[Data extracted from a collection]
#####
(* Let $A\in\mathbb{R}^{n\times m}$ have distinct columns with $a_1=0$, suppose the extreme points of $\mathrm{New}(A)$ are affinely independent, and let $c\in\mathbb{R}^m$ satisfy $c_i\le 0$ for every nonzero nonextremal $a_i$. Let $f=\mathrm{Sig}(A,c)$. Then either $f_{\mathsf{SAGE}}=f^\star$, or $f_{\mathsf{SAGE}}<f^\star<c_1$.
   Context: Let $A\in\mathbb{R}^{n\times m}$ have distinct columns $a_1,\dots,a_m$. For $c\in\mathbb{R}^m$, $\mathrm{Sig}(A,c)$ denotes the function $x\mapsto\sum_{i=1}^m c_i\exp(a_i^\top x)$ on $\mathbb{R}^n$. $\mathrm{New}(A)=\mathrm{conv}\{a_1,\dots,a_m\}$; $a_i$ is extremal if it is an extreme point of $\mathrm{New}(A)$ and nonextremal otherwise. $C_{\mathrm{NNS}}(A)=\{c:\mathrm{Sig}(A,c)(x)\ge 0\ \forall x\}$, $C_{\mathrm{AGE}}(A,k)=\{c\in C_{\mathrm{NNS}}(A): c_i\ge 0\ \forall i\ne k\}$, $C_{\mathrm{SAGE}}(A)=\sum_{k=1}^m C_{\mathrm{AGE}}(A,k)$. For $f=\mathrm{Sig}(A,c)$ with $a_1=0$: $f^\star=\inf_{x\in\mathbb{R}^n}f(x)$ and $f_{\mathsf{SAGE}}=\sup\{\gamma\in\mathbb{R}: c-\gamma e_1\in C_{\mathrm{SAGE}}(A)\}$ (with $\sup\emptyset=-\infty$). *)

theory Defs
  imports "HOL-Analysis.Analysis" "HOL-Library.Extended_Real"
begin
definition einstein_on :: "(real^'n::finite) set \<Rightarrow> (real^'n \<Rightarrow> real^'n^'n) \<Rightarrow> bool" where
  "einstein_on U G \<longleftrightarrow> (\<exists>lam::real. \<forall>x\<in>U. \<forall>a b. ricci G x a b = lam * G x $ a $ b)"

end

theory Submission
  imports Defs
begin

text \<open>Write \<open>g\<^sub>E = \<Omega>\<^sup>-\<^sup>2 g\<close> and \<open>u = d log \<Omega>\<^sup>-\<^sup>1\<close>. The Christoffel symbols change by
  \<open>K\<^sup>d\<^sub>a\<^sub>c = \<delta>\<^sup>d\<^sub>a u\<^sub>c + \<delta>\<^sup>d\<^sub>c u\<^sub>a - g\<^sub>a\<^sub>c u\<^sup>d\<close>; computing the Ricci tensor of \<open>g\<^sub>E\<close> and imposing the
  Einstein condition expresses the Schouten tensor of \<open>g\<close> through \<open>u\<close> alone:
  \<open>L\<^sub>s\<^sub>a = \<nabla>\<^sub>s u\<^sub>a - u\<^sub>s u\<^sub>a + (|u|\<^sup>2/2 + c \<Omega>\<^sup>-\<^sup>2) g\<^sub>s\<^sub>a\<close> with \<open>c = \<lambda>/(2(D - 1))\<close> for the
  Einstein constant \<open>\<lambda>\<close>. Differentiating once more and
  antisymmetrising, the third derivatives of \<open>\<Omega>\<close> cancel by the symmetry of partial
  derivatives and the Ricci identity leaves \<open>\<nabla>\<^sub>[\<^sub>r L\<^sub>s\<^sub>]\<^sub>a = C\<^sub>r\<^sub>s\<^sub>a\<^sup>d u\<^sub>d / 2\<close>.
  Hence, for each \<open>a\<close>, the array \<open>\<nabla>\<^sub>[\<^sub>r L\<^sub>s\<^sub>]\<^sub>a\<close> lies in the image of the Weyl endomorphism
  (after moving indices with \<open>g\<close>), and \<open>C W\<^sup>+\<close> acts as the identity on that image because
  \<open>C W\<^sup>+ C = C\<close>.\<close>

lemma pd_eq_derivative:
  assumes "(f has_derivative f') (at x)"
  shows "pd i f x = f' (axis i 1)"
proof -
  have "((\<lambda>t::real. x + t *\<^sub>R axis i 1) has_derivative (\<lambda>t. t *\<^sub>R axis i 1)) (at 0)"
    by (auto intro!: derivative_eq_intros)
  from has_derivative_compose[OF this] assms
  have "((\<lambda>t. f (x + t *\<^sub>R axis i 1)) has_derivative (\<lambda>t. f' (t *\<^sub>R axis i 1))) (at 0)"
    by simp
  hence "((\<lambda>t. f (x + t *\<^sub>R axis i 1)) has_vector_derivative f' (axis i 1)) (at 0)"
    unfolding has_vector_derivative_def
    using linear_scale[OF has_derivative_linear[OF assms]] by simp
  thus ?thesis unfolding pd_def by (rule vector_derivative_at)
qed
#####
● **What the task asks**
The lines above that hold the word "lambda" should be found and copied out.

● **Reply to the exercise**
  \<open>L\<^sub>s\<^sub>a = \<nabla>\<^sub>s u\<^sub>a - u\<^sub>s u\<^sub>a + (|u|\<^sup>2/2 + c \<Omega>\<^sup>-\<^sup>2) g\<^sub>s\<^sub>a\<close> with \<open>c = \<lambda>/(2(D - 1))\<close> for the
  Einstein constant \<open>\<lambda>\<close>. Differentiating once more and
  have "((\<lambda>t::real. x + t *\<^sub>R axis i 1) has_derivative (\<lambda>t. t *\<^sub>R axis i 1)) (at 0)"
  have "((\<lambda>t. f (x + t *\<^sub>R axis i 1)) has_derivative (\<lambda>t. f' (t *\<^sub>R axis i 1))) (at 0)"
  hence "((\<lambda>t. f (x + t *\<^sub>R axis i 1)) has_vector_derivative f' (axis i 1)) (at 0)"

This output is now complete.